From what we know of neuroscience and the history of human-machine pioneers, our brains are not particularly well suited to monitoring complex systems, even with considerable procedural and training safeguards. They just prefer efficiency to the complete mastery of detail and perpetual attention that effective continuous monitoring requires.
Add to this the fact that automation initially takes on the least challenging conditions—bailing out to the driver when the going gets tough. The potential consequence of automation designed to catch our easy errors is that we create brittle systems—ones in which we are required to plunge, fully aware, into the most complicated of driving situations on seconds notice when errors or driving challenges become too complex for automation to handle. Again, history teaches us that this particular set of circumstances is not our brains’ strong suit. Add to this a mixed fleet reality where smart and not-so-smart vehicles intermingle, to a varied extent, capable (and not capable) of stopping on a dime.

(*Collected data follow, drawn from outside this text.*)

(* Let $2\le m\le n$. Then $\mathcal{P}(\mathrm{K}_{m,n})=\mathcal{AM}(\mathrm{K}_{m,n})$.
   Context: $\mathrm{K}_{m,n}$ is the poset $\{x_1,\dots,x_m,y_1,\dots,y_n\}$ with $x_i<y_j$ for all $i,j$ and no other relations between distinct elements. For a finite connected poset $X$ and $x<y$, $e_{xy}$ denotes the incidence-algebra basis element, and $B=\{e_{xy}:x<y\}$. $\mathcal{C}(X)$ is the set of maximal chains. For a bijection $\theta:B\to B$ and $C:u_1<\dots<u_k$ in $\mathcal{C}(X)$, $\theta$ is increasing on $C$ if there is $D:v_1<\dots<v_k$ in $\mathcal{C}(X)$ with $\theta(e_{u_iu_j})=e_{v_iv_j}$ for all $i<j$, decreasing if $\theta(e_{u_iu_j})=e_{v_{k-j+1}v_{k-i+1}}$ for all $i<j$. $\mathcal{M}(X)$: bijections $B\to B$ increasing or decreasing on every maximal chain. A walk is a sequence $u_0,\dots,u_r$ where for each $i$ one of $u_i,u_{i+1}$ covers the other; closed if $u_0=u_r$. For a closed walk $\Gamma:u_0,\dots,u_r=u_0$ and $z\in X$: $s^+_{\theta,\Gamma}(z)=|\{i: u_i<u_{i+1},\ \exists w>z,\ \theta(e_{zw})=e_{u_iu_{i+1}}\}|$, $s^-_{\theta,\Gamma}(z)=|\{i: u_i>u_{i+1},\ \exists w>z,\ \theta(e_{zw})=e_{u_{i+1}u_i}\}|$, $t^+_{\theta,\Gamma}(z)=|\{i: u_i<u_{i+1},\ \exists w<z,\ \theta(e_{wz})=e_{u_iu_{i+1}}\}|$, $t^-_{\theta,\Gamma}(z)=|\{i: u_i>u_{i+1},\ \exists w<z,\ \theta(e_{wz})=e_{u_{i+1}u_i}\}|$, $0\le i\le r-1$. $\theta$ is admissible if $s^+-s^-=t^+-t^-$ at every $z$ for every closed walk; $\mathcal{AM}(X)$ is the set of admissible elements of $\mathcal{M}(X)$. $\theta:B\to B$ is proper if there is an automorphism $\lambda$ of $X$ with $\theta(e_{xy})=e_{\lambda(x)\lambda(y)}$ for all $x<y$, or an anti-automorphism $\lambda$ with $\theta(e_{xy})=e_{\lambda(y)\lambda(x)}$ for all $x<y$; $\mathcal{P}(X)$ is the set of proper bijections. *)

theory Defs
  imports Main
begin

text \<open>A finite poset is given by a carrier X and a strict order lt.
  The incidence-algebra basis element e_xy (x < y) is represented by the pair (x,y);
  B is the set of such pairs.\<close>

definition basis :: "'a set \<Rightarrow> ('a \<Rightarrow> 'a \<Rightarrow> bool) \<Rightarrow> ('a \<times> 'a) set" where
  "basis X lt = {(x, y). x \<in> X \<and> y \<in> X \<and> lt x y}"

definition is_chain :: "'a set \<Rightarrow> ('a \<Rightarrow> 'a \<Rightarrow> bool) \<Rightarrow> 'a list \<Rightarrow> bool" where
  "is_chain X lt us \<longleftrightarrow> set us \<subseteq> X \<and> sorted_wrt lt us"

definition max_chain :: "'a set \<Rightarrow> ('a \<Rightarrow> 'a \<Rightarrow> bool) \<Rightarrow> 'a list \<Rightarrow> bool" where
  "max_chain X lt us \<longleftrightarrow> is_chain X lt us \<and>
     (\<forall>vs. is_chain X lt vs \<and> set us \<subseteq> set vs \<longrightarrow> set vs = set us)"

Studies at MIT’s Advanced Vehicle Technology Consortium examine these sorts of dynamics in today’s off-the-dealer-floor vehicles with autonomous features. Here, we find our participants ever more drawn to the siren song of their life remotes, picking up smartphones more frequently with even the most basic of automated driving features. Quotes such as “I also found myself using the safety features to my advantage to be more distracted” tell quite a story. And that is with monitoring cameras and equipment providing investigators a view into the vehicle at the time!

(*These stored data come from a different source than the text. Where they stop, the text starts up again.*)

lemma avg_iter_cong_rounds:
  "(\<And>i. i \<in> rounds_upto m \<union> round_indices (Suc m) \<Longrightarrow> y i = y' i) \<Longrightarrow> n \<le> Suc m
    \<Longrightarrow> avg_iter y w1 n = avg_iter y' w1 n"
  by (intro avg_iter_cong) (auto simp: rounds_upto_def round_indices_def le_Suc_eq)

lemma measurable_splice_rounds:
  "i \<in> sample_index \<Longrightarrow> fst i \<le> Suc m \<Longrightarrow>
    (\<lambda>z. splice (rounds_upto m) (fst z) (snd z) i)
      \<in> measurable (PiM (rounds_upto m) (\<lambda>_. D) \<Otimes>\<^sub>M PiM (round_indices (Suc m)) (\<lambda>_. D)) D"
  by (intro measurable_splice) (auto simp: rounds_upto_def round_indices_def)

text \<open>The samples of round \<open>m + 1\<close> are independent of those of the earlier rounds, so the
  expectation splits into an inner integral over round \<open>m + 1\<close> with the past frozen, to which
  \<open>round_expectation\<close> applies.\<close>

lemma expected_round_step:
  assumes lower: "\<And>\<omega> m. \<omega> \<in> space \<Omega> \<Longrightarrow> F (avg_iter (sample_path \<omega>) w1 m) \<ge> Fstar"
    and c: "0 \<le> c"
  shows "(\<integral>\<^sup>+\<omega>. ennreal (F (avg_iter (sample_path \<omega>) w1 (Suc m)) - Fstar
              + gbar * (real K - (L * gbar)\<^sup>2) / 2 * (norm (gradF (avg_iter (sample_path \<omega>) w1 m)))\<^sup>2)
            + ennreal (c * grad_sq_sum (sample_path \<omega>) w1 m) \<partial>\<Omega>)
       \<le> (\<integral>\<^sup>+\<omega>. ennreal (F (avg_iter (sample_path \<omega>) w1 m) - Fstar + noise_cost)
            + ennreal (c * grad_sq_sum (sample_path \<omega>) w1 m) \<partial>\<Omega>)"
proof -
  let ?A = "rounds_upto m" and ?B = "round_indices (Suc m)"
  let ?Y = "\<lambda>\<omega> \<omega>'. splice ?A (sample_path \<omega>) (sample_path \<omega>')"
  define \<Phi> where "\<Phi> y = ennreal (F (avg_iter y w1 (Suc m)) - Fstar
      + gbar * (real K - (L * gbar)\<^sup>2) / 2 * (norm (gradF (avg_iter y w1 m)))\<^sup>2)
      + ennreal (c * grad_sq_sum y w1 m)" for y
  have AB: "?A \<inter> ?B = {}" "?A \<subseteq> sample_index" "?B \<subseteq> sample_index"
    unfolding rounds_upto_def round_indices_def by auto
  note m = measurable_avg_iter_functionals[where Yf="\<lambda>z. splice ?A (fst z) (snd z)", OF measurable_splice_rounds]
  have \<Phi>_meas: "(\<lambda>z. \<Phi> (splice ?A (fst z) (snd z))) \<in> borel_measurable (PiM ?A (\<lambda>_. D) \<Otimes>\<^sub>M PiM ?B (\<lambda>_. D))"
    unfolding \<Phi>_def using m(1)[of "Suc m"] m(2,3)[of m] by measurable
  have \<Phi>_cong: "\<Phi> y = \<Phi> y'" if "\<And>i. i \<in> ?A \<union> ?B \<Longrightarrow> y i = y' i" for y y'
    unfolding \<Phi>_def grad_sq_sum_def using avg_iter_cong_rounds[OF that] by simp
  have good: "AE \<omega> in \<Omega>. AE \<omega>' in \<Omega>. Fstar \<le> F (round_map (sample_path \<omega>') (Suc m) (avg_iter (sample_path \<omega>) w1 m))"
  proof -
    have "AE \<omega> in \<Omega>. AE \<omega>' in \<Omega>. Fstar \<le> F (avg_iter (?Y \<omega> \<omega>') w1 (Suc m))"
    proof (rule AE_splice[OF AB])
      show "{z \<in> space (PiM ?A (\<lambda>_. D) \<Otimes>\<^sub>M PiM ?B (\<lambda>_. D)). Fstar \<le> F (avg_iter (splice ?A (fst z) (snd z)) w1 (Suc m))}
          \<in> sets (PiM ?A (\<lambda>_. D) \<Otimes>\<^sub>M PiM ?B (\<lambda>_. D))"
        using m(1)[of "Suc m"] by measurable
      show "(Fstar \<le> F (avg_iter y w1 (Suc m))) = (Fstar \<le> F (avg_iter y' w1 (Suc m)))"
        if "\<And>i. i \<in> ?A \<union> ?B \<Longrightarrow> y i = y' i" for y y'
        using avg_iter_cong_rounds[OF that order_refl] by simp
    qed (use lower in auto)
    then show ?thesis unfolding avg_iter_splice_Suc .
  qed
  have inner: "(\<integral>\<^sup>+\<omega>'. \<Phi> (?Y \<omega> \<omega>') \<partial>\<Omega>)
      \<le> ennreal (F (avg_iter (sample_path \<omega>) w1 m) - Fstar + noise_cost) + ennreal (c * grad_sq_sum (sample_path \<omega>) w1 m)"
    if \<omega>: "\<omega> \<in> space \<Omega>"
      and good\<omega>: "AE \<omega>' in \<Omega>. Fstar \<le> F (round_map (sample_path \<omega>') (Suc m) (avg_iter (sample_path \<omega>) w1 m))"
    for \<omega>
  proof -
    define x where "x = avg_iter (sample_path \<omega>) w1 m"
    have "(\<integral>\<^sup>+\<omega>'. \<Phi> (?Y \<omega> \<omega>') \<partial>\<Omega>)
        = (\<integral>\<^sup>+\<omega>'. ennreal (F (round_map (sample_path \<omega>') (Suc m) x) - Fstar
            + gbar * (real K - (L * gbar)\<^sup>2) / 2 * (norm (gradF x))\<^sup>2) \<partial>\<Omega>)
          + ennreal (c * grad_sq_sum (sample_path \<omega>) w1 m)"
      unfolding \<Phi>_def grad_sq_sum_def avg_iter_splice_Suc avg_iter_splice_past[OF order_refl]
      using borel_measurable_continuous_on[OF continuous_F measurable_round_map_sample[of "Suc m" x]]
      by (subst nn_integral_add) (auto simp: avg_iter_splice_past x_def)
    also have "\<dots> \<le> ennreal (F x - Fstar + noise_cost) + ennreal (c * grad_sq_sum (sample_path \<omega>) w1 m)"
      using good\<omega> lower[OF \<omega>, of m] unfolding x_def by (intro add_right_mono round_expectation) auto
    finally show ?thesis unfolding x_def .
  qed
  have "(\<integral>\<^sup>+\<omega>. \<Phi> (sample_path \<omega>) \<partial>\<Omega>) = (\<integral>\<^sup>+\<omega>. (\<integral>\<^sup>+\<omega>'. \<Phi> (?Y \<omega> \<omega>') \<partial>\<Omega>) \<partial>\<Omega>)"
    by (rule nn_integral_splice[OF AB \<Phi>_meas \<Phi>_cong])
  also have "\<dots> \<le> (\<integral>\<^sup>+\<omega>. ennreal (F (avg_iter (sample_path \<omega>) w1 m) - Fstar + noise_cost)
        + ennreal (c * grad_sq_sum (sample_path \<omega>) w1 m) \<partial>\<Omega>)"
  proof (rule nn_integral_mono_AE)
    show "AE \<omega> in \<Omega>. (\<integral>\<^sup>+\<omega>'. \<Phi> (?Y \<omega> \<omega>') \<partial>\<Omega>)
        \<le> ennreal (F (avg_iter (sample_path \<omega>) w1 m) - Fstar + noise_cost) + ennreal (c * grad_sq_sum (sample_path \<omega>) w1 m)"
      using good AE_space by eventually_elim (use inner in auto)
  qed
  finally show ?thesis unfolding \<Phi>_def .
qed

The ultimate question may be: Are we successfully fighting distraction using techniques like “don’t text and drive” or do we need technological solutions in order to save ourselves from our multitasking-gone-haywire and social-brain prioritization tendencies? How else might we shift the paradigm? We have invested heavily in combating the rise of competitive secondary tasks. We ask (a bit tongue in cheek), is it time to admit that driving has now actually become the secondary task?
Fractured attention is part of our daily lives. What we’re seeing in the vehicle is simply a snapshot of a larger modern-day epidemic: unbounded multitasking and the social brain-influenced, growing attachment to our ‘life remotes.’

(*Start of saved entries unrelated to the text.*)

lemma chain_insert_top_iff [simp]: "is_chain A' le' (insert t (f ` S)) \<longleftrightarrow> is_chain A le S"
  by (auto simp: is_chain_def carrier le_f le_top top_le_top)

lemma maximal_chain_iff:
  "is_maximal_chain A' le' U \<longleftrightarrow> (\<exists>C. is_maximal_chain A le C \<and> U = insert t (f ` C))"
proof
  assume max: "is_maximal_chain A' le' U"
  then have U: "is_chain A' le' U" by (simp add: is_maximal_chain_def)
  from chain_subset[OF U] show "\<exists>C. is_maximal_chain A le C \<and> U = insert t (f ` C)"
  proof (cases rule: subset_carrierE)
    case (image S)
    with U have "is_chain A' le' (insert t U)" by simp
    with max have "insert t U = U"
      unfolding is_maximal_chain_def by blast
    with image show ?thesis by (metis image_mem_iff(2) insertI1)
  next
    case (insert_top C)
    have "D = C" if "is_chain A le D" "C \<subseteq> D" for D
    proof -
      have "is_chain A' le' (insert t (f ` D))" "U \<subseteq> insert t (f ` D)"
        using that insert_top by auto
      with max have "insert t (f ` D) = U"
        unfolding is_maximal_chain_def by blast
      with insert_top show ?thesis by simp
    qed
    with U insert_top have "is_maximal_chain A le C"
      by (simp add: is_maximal_chain_def)
    with insert_top show ?thesis by blast
  qed
next
  assume "\<exists>C. is_maximal_chain A le C \<and> U = insert t (f ` C)"
  then obtain C where max: "is_maximal_chain A le C" and U: "U = insert t (f ` C)"
    by blast
  have "V = U" if V: "is_chain A' le' V" "U \<subseteq> V" for V
    using chain_subset[OF V(1)]
  proof (cases rule: subset_carrierE)
    case (image S)
    with V U show ?thesis by auto
  next
    case (insert_top S)
    with V U have "is_chain A le S" "C \<subseteq> S" by auto
    with max have "S = C"
      unfolding is_maximal_chain_def by blast
    with U insert_top show ?thesis by simp
  qed
  with max U show "is_maximal_chain A' le' U"
    by (simp add: is_maximal_chain_def)
qed

lemma cutset_insert_top: "S \<subseteq> A \<Longrightarrow> is_cutset A' le' (insert t (f ` S))"
  by (auto simp: is_cutset_def maximal_chain_iff)

lemma cutset_image_iff: "is_cutset A' le' (f ` S) \<longleftrightarrow> is_cutset A le S"
proof -
  obtain x where x: "x \<in> A" using nonempty by blast
  have "(\<forall>U. is_maximal_chain A' le' U \<and> U \<noteq> {} \<longrightarrow> f ` S \<inter> U \<noteq> {}) \<longleftrightarrow>
    (\<forall>C. is_maximal_chain A le C \<longrightarrow> f ` S \<inter> insert t (f ` C) \<noteq> {})"
    unfolding maximal_chain_iff by blast
  also have "\<dots> \<longleftrightarrow> (\<forall>C. is_maximal_chain A le C \<longrightarrow> S \<inter> C \<noteq> {})"
    by (auto simp: image_Int[OF inj_f, symmetric])
  also have "\<dots> \<longleftrightarrow> (\<forall>C. is_maximal_chain A le C \<and> C \<noteq> {} \<longrightarrow> S \<inter> C \<noteq> {})"
    using maximal_chain_nonempty[where x = x] x refl by blast
  finally show ?thesis
    by (simp add: is_cutset_def)
qed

Driver state management systems offer the promise of filling in the gaps of our fractured attention, acting as an electronic co-pilot helping us to better prioritize tasks at the point of decision. EuroNCAP efforts appear to be moving towards encouraging these technologies in Europe, and Subaru just announced a system will appear in the 2019 Forester. These technologies and similar initiatives need to be accelerated in the U.S and elsewhere, adding to the documented benefits of technology such as AEB, which serves a lifeguard role. While these technologies can nudge us in a safer direction, the decision to practice safer phone habits ultimately lies in the hands of drivers. As a society and as individuals we need to grapple with whether we’ve allowed our life remotes to override our better judgement towards behaviors like texting while driving, compromising our safety in other tasks that truly demand our full attention.
It is critical that we begin to take a more systemic view of the issue, looking at the interrelated aspects of drivers, vehicles and the environment. It is clear that the transformative levels of automation requiring human involvement will also require a surge in human-centric design, in another sense protecting us from ourselves. In the end, while the future of mobility is highly coupled to increasing automation, one has to wonder how much longer society can ignore that, in many cases, driving has become the distraction.